Agentic AI swarms are just as dysfunctional as human managers, recreating many of the inefficiencies AI aims to eliminate, according to a just-released report, The Organizational Physics of Multi-Agent AI. This doesn’t mean AI is inefficient, but that it is susceptible to the same flaws that affect human middle managers.
Specifically, “AI systems fail for the same structural reasons as human organizations, despite the removal of every human-specific causal factor,” report author Jeremy McEntire, head of engineering at Wander and independent researcher for Cage & Mirror Publishing, points out.
“The day-to-day implication is this: multi-agent AI systems deployed in manufacturing workflows will tend to optimize for internal process compliance rather than external outcome accuracy—exactly what the pipeline architecture did in our study,” McEntire tells GEN. “In a batch manufacturing context, that means an AI coordination layer could approve a deviation, flag an issue as resolved, or clear a batch record not because the underlying issue is actually resolved, but because the documentation fits the channel. The agents are reviewing each other’s work against the same compressed criteria. Nothing fails obviously. The batch ships.”
Therefore, McEntire says, “For high-consequence manufacturing applications [like biopharma manufacturing], integrated success criteria outperform external guardrails. An AI system whose success is anchored directly to batch yield, deviation rate, or release outcomes—not to process-adherence metrics—has a selection environment that keeps it honest. External compliance checklists bolted on after the fact don’t provide the same guarantee, because a sufficiently degraded channel will satisfy the checklist while missing the point.
“The same compression and selection dynamics that produce dysfunction in research institutions and biotech organizations appear identically in AI pipelines—because AI was trained on the outputs of those organizations,” McEntire says.
AI “committees” fail
McEntire used four different AI-based approaches to complete 28 programming tasks.
When a single AI was used, all of the tasks were completed. However, when hierarchical agents with “worker” agents reporting to a single overarching agent were used, completion dropped to 64%. Stigmeric agents (which coordinate with each other through a shared environment) completed only 32% of the tasks. AI agents working in sequence, which are called pipeline agents, were the least efficient. They made plans but completed nothing and were ill-suited for complex tasks requiring near real-time responses.
Basically, multi-agent AI systems face a coordination ceiling that’s akin to that of human collaboration. Below about 25 participants, a single AI agent or person can maintain context without much coordination overhead. Above it, they must distribute work among agents, which leads to operational degradation.

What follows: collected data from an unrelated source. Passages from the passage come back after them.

lemma chain_quad_decouples_at:
  assumes "E = 0 \<Longrightarrow> a = 0 \<or> w 0 = 0" and "0 < E \<Longrightarrow> E < k \<Longrightarrow> w E = 0"
    and w: "\<And>i. 0 \<le> w i"
  shows "decouples_at E (chain_quad k a w)"
proof -
  have split: "w i * (chain_diff a x i)\<^sup>2 = w i * (chain_diff a (vhead E x) i)\<^sup>2
      + w i * (chain_diff a (vtail E x) i)\<^sup>2 - w i * (chain_diff a vzero i)\<^sup>2" if "i < k" for i x
  proof -
    consider "i < E" | "E < i" | "i = E" by linarith
    then show ?thesis
    proof cases
      case 3
      then show ?thesis using assms(2) that
        by (cases "E = 0") (simp_all add: chain_diff_def vhead_def vtail_def vzero_def)
    qed (auto simp: chain_diff_def vhead_def vtail_def vzero_def)
  qed
  have scale: "w i * (chain_diff a (\<lambda>i. s * vtail E y i) i)\<^sup>2 - w i * (chain_diff a vzero i)\<^sup>2
     = s\<^sup>2 * (w i * (chain_diff a (vtail E y) i)\<^sup>2 - w i * (chain_diff a vzero i)\<^sup>2)" for i s y
    using assms(1) by (cases "i = 0"; cases "E = 0")
      (auto simp: chain_diff_def vzero_def vtail_def power2_eq_square algebra_simps)
  have least: "w i * (chain_diff a vzero i)\<^sup>2 \<le> w i * (chain_diff a (vtail E y) i)\<^sup>2" for i y
    using assms(1) w[of i]
    by (cases "i = 0"; cases "E = 0") (auto simp: chain_diff_def vzero_def vtail_def)
  show ?thesis unfolding decouples_at_def
  proof (intro conjI allI)
    fix x show "chain_quad k a w x
        = chain_quad k a w (vhead E x) + chain_quad k a w (vtail E x) - chain_quad k a w vzero"
      unfolding chain_quad_def sum.distrib[symmetric] sum_subtractf[symmetric]
      by (intro sum.cong refl split) simp
    fix y s show "chain_quad k a w (\<lambda>i. s * vtail E y i) - chain_quad k a w vzero
        = s\<^sup>2 * (chain_quad k a w (vtail E y) - chain_quad k a w vzero)"
      unfolding chain_quad_def sum_subtractf[symmetric] sum_distrib_left
      by (intro sum.cong refl scale)
    show "chain_quad k a w vzero \<le> chain_quad k a w (vtail E y)"
      unfolding chain_quad_def using least by (intro sum_mono) auto
  qed
qed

Other researchers corroborate this. For example, researchers report that every multi-agent variant degraded sequential reasoning performance by 39–70%. Generally, those failures are system design issues. Additional researchers report that “large language model teams underperform their best individual member by 8–38%…by averaging expert and non-expert views rather than deferring to expertise.”
In two subsequent studies, McEntire found that adding anti-dysfunction mechanisms to pipeline swarms actually produced the dysfunction those mechanisms were designed to prevent, including rejections that weren’t based on facts, governance conflicts, and verification theater (results that appear reliable, but are incomplete, unverified, or misleading).
“The failure modes we documented in AI agent swarms are information-theoretic, not implementation-specific,” he says. For example, when multiple AI agents work together using summaries rather than the full data sets, they often fail to coordinate properly because they have lost potentially important details and their nuances. That underscores why single-agent AIs outperform multi-agent AI options.
“The single-agent result is also relevant here: for bounded, well-defined tasks—drafting batch records, flagging anomalies in process data, summarizing deviation history—single agents perform strongly and reliably,” McEntire stresses.
In contrast, “The coordination complexity of multi-agent pipelines adds risk without adding proportionate capability, at least at current maturity levels.
“The environments where you’d want to be most cautious are exactly the ones biopharma operates in: high formalization, high documentation load, long handoff chains between functions.”
McEntire advises biopharma manufacturers using AI to employ “the fewest agents capable of completing a task,” and, more broadly, to “be skeptical about claims you’re hearing about agentic AI.”